#### Assigned task:
Repeat the entries shown below with every word and mark intact.

#### Recorded information:

theorem lemma5p1:
  fixes m i k :: nat
  assumes "m \<ge> 3" and "i + k \<le> m"
  shows
   "(even i \<and> odd k \<longrightarrow> (\<forall>x\<in>verts m. \<forall>y\<in>verts m.
       Pmat m i k x y = int ((fact ((k - 1) div 2))^2 * ((k + 1) div 2))
         * Mmat m ((i + k - 1) div 2) ((2*m - i) div 2) ((k - 1) div 2) ((k - 1) div 2) x y))
  \<and> (even i \<and> even k \<and> k \<ge> 2 \<longrightarrow> (\<forall>x\<in>verts m. \<forall>y\<in>verts m.
       Pmat m i k x y = int ((fact (k div 2))^2)
         * Mmat m ((2*m - i - k) div 2) ((2*m - i) div 2) ((2*m - k) div 2) ((2*m - i - k) div 2) x y))
  \<and> (odd i \<and> odd k \<longrightarrow> (\<forall>x\<in>verts m. \<forall>y\<in>verts m.
       Pmat m i k x y = int ((fact ((k - 1) div 2))^2 * ((k + 1) div 2))
         * Mmat m ((2*m - i - k) div 2) ((i - 1) div 2) ((k - 1) div 2) 0 x y))
  \<and> (odd i \<and> even k \<and> k \<ge> 2 \<longrightarrow> (\<forall>x\<in>verts m. \<forall>y\<in>verts m.
       Pmat m i k x y = int ((fact (k div 2))^2)
         * Mmat m ((i + k - 1) div 2) ((i - 1) div 2) ((2*m - k) div 2) ((i - 1) div 2) x y))"
proof -
  have "even i \<Longrightarrow> odd k \<Longrightarrow> target m i k = ((i + k - 1) div 2, (2*m - i) div 2, (k - 1) div 2, (k - 1) div 2)
      \<and> walk_count k = fact ((k - 1) div 2) ^ 2 * ((k + 1) div 2)"
    and "even i \<Longrightarrow> even k \<Longrightarrow> target m i k = ((2*m - i - k) div 2, (2*m - i) div 2, (2*m - k) div 2, (2*m - i - k) div 2)
      \<and> walk_count k = fact (k div 2) ^ 2"
    and "odd i \<Longrightarrow> odd k \<Longrightarrow> target m i k = ((2*m - i - k) div 2, (i - 1) div 2, (k - 1) div 2, 0)
      \<and> walk_count k = fact ((k - 1) div 2) ^ 2 * ((k + 1) div 2)"
    and "odd i \<Longrightarrow> even k \<Longrightarrow> target m i k = ((i + k - 1) div 2, (i - 1) div 2, (2*m - k) div 2, (i - 1) div 2)
      \<and> walk_count k = fact (k div 2) ^ 2"
    by (auto simp: target_def walk_count_def elim!: evenE oddE)
  then show ?thesis
    using Pmat_eq_Mmat_target[OF _ assms(2)] assms(1) by simp
qed

end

#### Your response:
theorem lemma5p1:
  fixes m i k :: nat
  assumes "m \<ge> 3" and "i + k \<le> m"
  shows
   "(even i \<and> odd k \<longrightarrow> (\<forall>x\<in>verts m. \<forall>y\<in>verts m.
       Pmat m i k x y = int ((fact ((k - 1) div 2))^2 * ((k + 1) div 2))
         * Mmat m ((i + k - 1) div 2) ((2*m - i) div 2) ((k - 1) div 2) ((k - 1) div 2) x y))
  \<and> (even i \<and> even k \<and> k \<ge> 2 \<longrightarrow> (\<forall>x\<in>verts m. \<forall>y\<in>verts m.
       Pmat m i k x y = int ((fact (k div 2))^2)
         * Mmat m ((2*m - i - k) div 2) ((2*m - i) div 2) ((2*m - k) div 2) ((2*m - i - k) div 2) x y))
  \<and> (odd i \<and> odd k \<longrightarrow> (\<forall>x\<in>verts m. \<forall>y\<in>verts m.
       Pmat m i k x y = int ((fact ((k - 1) div 2))^2 * ((k + 1) div 2))
         * Mmat m ((2*m - i - k) div 2) ((i - 1) div 2) ((k - 1) div 2) 0 x y))
  \<and> (odd i \<and> even k \<and> k \<ge> 2 \<longrightarrow> (\<forall>x\<in>verts m. \<forall>y\<in>verts m.
       Pmat m i k x y = int ((fact (k div 2))^2)
         * Mmat m ((i + k - 1) div 2) ((i - 1) div 2) ((2*m - k) div 2) ((i - 1) div 2) x y))"
proof -
  have "even i \<Longrightarrow> odd k \<Longrightarrow> target m i k = ((i + k - 1) div 2, (2*m - i) div 2, (k - 1) div 2, (k - 1) div 2)
      \<and> walk_count k = fact ((k - 1) div 2) ^ 2 * ((k + 1) div 2)"
    and "even i \<Longrightarrow> even k \<Longrightarrow> target m i k = ((2*m - i - k) div 2, (2*m - i) div 2, (2*m - k) div 2, (2*m - i - k) div 2)
      \<and> walk_count k = fact (k div 2) ^ 2"
    and "odd i \<Longrightarrow> odd k \<Longrightarrow> target m i k = ((2*m - i - k) div 2, (i - 1) div 2, (k - 1) div 2, 0)
      \<and> walk_count k = fact ((k - 1) div 2) ^ 2 * ((k + 1) div 2)"
    and "odd i \<Longrightarrow> even k \<Longrightarrow> target m i k = ((i + k - 1) div 2, (i - 1) div 2, (2*m - k) div 2, (i - 1) div 2)
      \<and> walk_count k = fact (k div 2) ^ 2"
    by (auto simp: target_def walk_count_def elim!: evenE oddE)
  then show ?thesis
    using Pmat_eq_Mmat_target[OF _ assms(2)] assms(1) by simp
qed

end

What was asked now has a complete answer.